*** Record excerpts Section Begins ***

lemma fA_pair_set_Diff:
  assumes "finite C" "X \<subseteq> C"
  shows "fA lam C (pair_set (C - X)) = (-1) ^ card (C - X)
    * (if X = {} then lam * (1 - of_nat (card C)) else if \<exists>i. X = {i} then 1 else 0)"
proof -
  have tau_C: "tau C (pair_set (C - X)) = (if X = {} then (-1) ^ card (C - X) else 0)"
    using assms by (auto simp: tau_pair_set)
  have tau_C_minus: "tau (C - {i}) (pair_set (C - X)) = (if X = {i} then (-1) ^ card (C - X) else 0)"
    if "i \<in> C" for i
  proof -
    have "C - X = C - {i} \<longleftrightarrow> X = {i}" using assms(2) that by auto
    thus ?thesis using assms(1) by (simp add: tau_pair_set)
  qed
  have "(\<Sum>(i, j)\<in>{(i, j). i \<in> C \<and> j \<in> C \<and> i \<noteq> j}.
      gmul (gmul (psibar i) (psi j)) (tau (C - {i, j})) (pair_set (C - X))) = 0"
    using assms(1) by (intro sum.neutral) (auto simp: offdiagonal_tau_pair_set)
  hence "fA lam C (pair_set (C - X)) = lam * (1 - of_nat (card C)) * tau C (pair_set (C - X))
      + (\<Sum>i\<in>C. tau (C - {i}) (pair_set (C - X)))"
    unfolding fA_def gadd_def gsmul_def gsum_def by (simp add: case_prod_unfold)
  also have "(\<Sum>i\<in>C. tau (C - {i}) (pair_set (C - X)))
      = (if \<exists>i. X = {i} then (-1) ^ card (C - X) else 0)"
    using assms by (auto simp: tau_C_minus)
  finally show ?thesis by (simp add: tau_C)
qed

lemma measure_int_fA:
  assumes "finite C" "C \<noteq> {}"
  shows "measure_int C t (fA lam C) = lam + (\<Sum>i\<in>C. t i - lam)"
proof -
  let ?h = "\<lambda>X. (\<Prod>i\<in>X. t i) * (if X = {} then lam * (1 - of_nat (card C))
    else if \<exists>i. X = {i} then 1 else 0)"
  have "measure_int C t (fA lam C) = (\<Sum>X\<in>Pow C. ?h X)"
    unfolding measure_int_eq_sum_gauss_weight[OF assms(1)]
  proof (intro sum.cong refl)
    fix X assume "X \<in> Pow C"
    have "(-1 :: complex) ^ card (C - X) * (-1) ^ card (C - X) = 1"
      by (simp flip: power_add)
    with \<open>X \<in> Pow C\<close> show "gauss_weight t C X * fA lam C (pair_set (C - X)) = ?h X"
      using assms(1) by (simp add: gauss_weight_eq fA_pair_set_Diff)
  qed
  also have "\<dots> = (\<Sum>X\<in>insert {} ((\<lambda>i. {i}) ` C). ?h X)"
    using assms(1) by (intro sum.mono_neutral_right) auto
  also have "\<dots> = ?h {} + (\<Sum>i\<in>C. ?h {i})"
    using assms(1) by (subst sum.insert) (auto simp: sum.reindex)
  also have "\<dots> = lam * (1 - of_nat (card C)) + (\<Sum>i\<in>C. t i)"
    by simp
  also have "\<dots> = lam + (\<Sum>i\<in>C. t i - lam)"
    by (simp add: sum_subtractf algebra_simps)
  finally show ?thesis .
qed

theorem corollary5p3:
  fixes V :: "'a::linorder set" and n :: nat and C :: "nat \<Rightarrow> 'a set"
    and t :: "'a \<Rightarrow> complex" and lam :: "nat \<Rightarrow> complex"
  assumes "finite V"
    and "\<forall>\<alpha><n. C \<alpha> \<noteq> {}"
    and "\<forall>\<alpha><n. \<forall>\<beta><n. \<alpha> \<noteq> \<beta> \<longrightarrow> C \<alpha> \<inter> C \<beta> = {}"
    and "(\<Union>\<alpha><n. C \<alpha>) = V"
  shows "measure_int V t (gprodl (map (\<lambda>\<alpha>. fA (lam \<alpha>) (C \<alpha>)) [0..<n]))
         = (\<Prod>\<alpha><n. lam \<alpha> + (\<Sum>i\<in>C \<alpha>. t i - lam \<alpha>))"
proof -
  have finite_C: "finite (C \<alpha>)" if "\<alpha> < n" for \<alpha>
    using assms(1,4) that by (auto intro: finite_subset)
  have "measure_int V t (gprodl (map (\<lambda>\<alpha>. fA (lam \<alpha>) (C \<alpha>)) [0..<n]))
      = measure_int (\<Union>\<alpha>\<in>set [0..<n]. C \<alpha>) t (foldr gmul (map (\<lambda>\<alpha>. fA (lam \<alpha>) (C \<alpha>)) [0..<n]) gone)"
    using assms(4) by (simp add: gprodl_def lessThan_atLeast0)
  also have "\<dots> = (\<Prod>\<alpha>\<in>set [0..<n]. measure_int (C \<alpha>) t (fA (lam \<alpha>) (C \<alpha>)))"
    using assms(3) by (intro measure_int_foldr_gmul) (auto simp: finite_C supported_in_fA)
  also have "\<dots> = (\<Prod>\<alpha><n. lam \<alpha> + (\<Sum>i\<in>C \<alpha>. t i - lam \<alpha>))"
    using assms(2) by (simp add: lessThan_atLeast0 finite_C measure_int_fA)
  finally show ?thesis .
qed

end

*** Record excerpts Section Ends ***

### Task prompt
Your reply must contain each entry, reproduced exactly.

### Result
lemma fA_pair_set_Diff:
  assumes "finite C" "X \<subseteq> C"
  shows "fA lam C (pair_set (C - X)) = (-1) ^ card (C - X)
    * (if X = {} then lam * (1 - of_nat (card C)) else if \<exists>i. X = {i} then 1 else 0)"
proof -
  have tau_C: "tau C (pair_set (C - X)) = (if X = {} then (-1) ^ card (C - X) else 0)"
    using assms by (auto simp: tau_pair_set)
  have tau_C_minus: "tau (C - {i}) (pair_set (C - X)) = (if X = {i} then (-1) ^ card (C - X) else 0)"
    if "i \<in> C" for i
  proof -
    have "C - X = C - {i} \<longleftrightarrow> X = {i}" using assms(2) that by auto
    thus ?thesis using assms(1) by (simp add: tau_pair_set)
  qed
  have "(\<Sum>(i, j)\<in>{(i, j). i \<in> C \<and> j \<in> C \<and> i \<noteq> j}.
      gmul (gmul (psibar i) (psi j)) (tau (C - {i, j})) (pair_set (C - X))) = 0"
    using assms(1) by (intro sum.neutral) (auto simp: offdiagonal_tau_pair_set)
  hence "fA lam C (pair_set (C - X)) = lam * (1 - of_nat (card C)) * tau C (pair_set (C - X))
      + (\<Sum>i\<in>C. tau (C - {i}) (pair_set (C - X)))"
    unfolding fA_def gadd_def gsmul_def gsum_def by (simp add: case_prod_unfold)
  also have "(\<Sum>i\<in>C. tau (C - {i}) (pair_set (C - X)))
      = (if \<exists>i. X = {i} then (-1) ^ card (C - X) else 0)"
    using assms by (auto simp: tau_C_minus)
  finally show ?thesis by (simp add: tau_C)
qed

lemma measure_int_fA:
  assumes "finite C" "C \<noteq> {}"
  shows "measure_int C t (fA lam C) = lam + (\<Sum>i\<in>C. t i - lam)"
proof -
  let ?h = "\<lambda>X. (\<Prod>i\<in>X. t i) * (if X = {} then lam * (1 - of_nat (card C))
    else if \<exists>i. X = {i} then 1 else 0)"
  have "measure_int C t (fA lam C) = (\<Sum>X\<in>Pow C. ?h X)"
    unfolding measure_int_eq_sum_gauss_weight[OF assms(1)]
  proof (intro sum.cong refl)
    fix X assume "X \<in> Pow C"
    have "(-1 :: complex) ^ card (C - X) * (-1) ^ card (C - X) = 1"
      by (simp flip: power_add)
    with \<open>X \<in> Pow C\<close> show "gauss_weight t C X * fA lam C (pair_set (C - X)) = ?h X"
      using assms(1) by (simp add: gauss_weight_eq fA_pair_set_Diff)
  qed
  also have "\<dots> = (\<Sum>X\<in>insert {} ((\<lambda>i. {i}) ` C). ?h X)"
    using assms(1) by (intro sum.mono_neutral_right) auto
  also have "\<dots> = ?h {} + (\<Sum>i\<in>C. ?h {i})"
    using assms(1) by (subst sum.insert) (auto simp: sum.reindex)
  also have "\<dots> = lam * (1 - of_nat (card C)) + (\<Sum>i\<in>C. t i)"
    by simp
  also have "\<dots> = lam + (\<Sum>i\<in>C. t i - lam)"
    by (simp add: sum_subtractf algebra_simps)
  finally show ?thesis .
qed

theorem corollary5p3:
  fixes V :: "'a::linorder set" and n :: nat and C :: "nat \<Rightarrow> 'a set"
    and t :: "'a \<Rightarrow> complex" and lam :: "nat \<Rightarrow> complex"
  assumes "finite V"
    and "\<forall>\<alpha><n. C \<alpha> \<noteq> {}"
    and "\<forall>\<alpha><n. \<forall>\<beta><n. \<alpha> \<noteq> \<beta> \<longrightarrow> C \<alpha> \<inter> C \<beta> = {}"
    and "(\<Union>\<alpha><n. C \<alpha>) = V"
  shows "measure_int V t (gprodl (map (\<lambda>\<alpha>. fA (lam \<alpha>) (C \<alpha>)) [0..<n]))
         = (\<Prod>\<alpha><n. lam \<alpha> + (\<Sum>i\<in>C \<alpha>. t i - lam \<alpha>))"
proof -
  have finite_C: "finite (C \<alpha>)" if "\<alpha> < n" for \<alpha>
    using assms(1,4) that by (auto intro: finite_subset)
  have "measure_int V t (gprodl (map (\<lambda>\<alpha>. fA (lam \<alpha>) (C \<alpha>)) [0..<n]))
      = measure_int (\<Union>\<alpha>\<in>set [0..<n]. C \<alpha>) t (foldr gmul (map (\<lambda>\<alpha>. fA (lam \<alpha>) (C \<alpha>)) [0..<n]) gone)"
    using assms(4) by (simp add: gprodl_def lessThan_atLeast0)
  also have "\<dots> = (\<Prod>\<alpha>\<in>set [0..<n]. measure_int (C \<alpha>) t (fA (lam \<alpha>) (C \<alpha>)))"
    using assms(3) by (intro measure_int_foldr_gmul) (auto simp: finite_C supported_in_fA)
  also have "\<dots> = (\<Prod>\<alpha><n. lam \<alpha> + (\<Sum>i\<in>C \<alpha>. t i - lam \<alpha>))"
    using assms(2) by (simp add: lessThan_atLeast0 finite_C measure_int_fA)
  finally show ?thesis .
qed

end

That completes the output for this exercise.